Teaching professors the scientific truth about epigenetics might help them to abandon mutation-driven evolution. This would help their students make the progress that will be required to limit or cure cancers that involve epigenetic effects on different cell types. Instead, we currently have people like Jay R. Feierman, the M.D. /Ph.D moderator of the human ethology yahoo group who wrote:
“It is very sad for me to see that when several different people on this group, all with doctorate degrees, tell you that you are not correct, you don’t consider that they might be telling you something helpful. Instead, you respond with arrogance and ignorance. I’ll add my voice to the other people on this group who have told you that you are not correct in terms of your understanding of what “variation” means in Darwinian biological evolution and what is doing the selecting. Variation is not nutrient availability and the something that is doing the selecting is not the individual organism. A feature of an educated person is to realize what they do not know.

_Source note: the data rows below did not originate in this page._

lemma walk_shortcut:
  assumes "is_walk V F p a b" and nonneg: "\<forall>e\<in>F. wt e \<ge> 0"
  shows "\<exists>q. is_path V F q a b \<and> plen wt q \<le> plen wt p"
  using assms(1)
proof (induction p rule: length_induct)
  case (1 p)
  show ?case
  proof (cases "distinct p")
    case True
    with "1.prems" show ?thesis by (auto simp: is_path_iff_walk)
  next
    case False
    then obtain xs ys zs y where p: "p = xs @ y # ys @ y # zs"
      using not_distinct_decomp by fastforce
    let ?cycle = "y # ys @ [y]" and ?p' = "xs @ y # zs"
    have "is_walk V F (xs @ [y]) a y" and "is_walk V F ((y # ys) @ y # zs) y b"
      using "1.prems" is_walk_append_Cons_iff[of V F xs y "ys @ y # zs" a b] p by simp_all
    then have "is_walk V F ?p' a b" and cycle: "is_walk V F ?cycle y y"
      using is_walk_append_Cons_iff[of V F "y # ys" y zs y b] is_walk_append_Cons_iff[of V F xs y zs a b]
      by simp_all
    have "plen wt p = plen wt ?p' + plen wt ?cycle"
      using plen_append_Cons[of wt xs y "ys @ y # zs"] plen_append_Cons[of wt "y # ys" y zs]
        plen_append_Cons[of wt xs y zs] p by simp
    moreover have "plen wt ?cycle \<ge> 0"
      using plen_nonneg[OF _ nonneg] cycle by (auto simp: is_walk_def)
    moreover have "length ?p' < length p" by (simp add: p)
    ultimately show ?thesis
      using "1.IH" \<open>is_walk V F ?p' a b\<close> by force
  qed
qed

text \<open>is_sp only compares against simple paths; with nonnegative weights a shortest path also
  beats every walk, which is what allows splicing a detour into it.\<close>

lemma is_sp_le_walk:
  assumes "is_sp V F wt p a b" and "is_walk V F q a b" and "\<forall>e\<in>F. wt e \<ge> 0"
  shows "plen wt p \<le> plen wt q"
  using walk_shortcut[OF assms(2,3)] assms(1) unfolding is_sp_def by force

Sadly, you don’t know that you have an incorrect understanding Darwinian biological evolution. I think all of us are trying to be helpful to you. However, our efforts are in vain if you continue with arrogance and ignorance of this topic.”
For more than 15 years, Teresa Binstock, Milton Diamond, and I have understood more about the causes of variation in different cell types of different tissues in different organisms than what most people understand today. I first met Jay R. Feierman at a conference in 1995, and for more than 15 years he appears to have learned nothing about anything. He still thinks that “Random mutations are the substrates upon which directional natural selection acts. — as if natural selection enabled selection for cancer.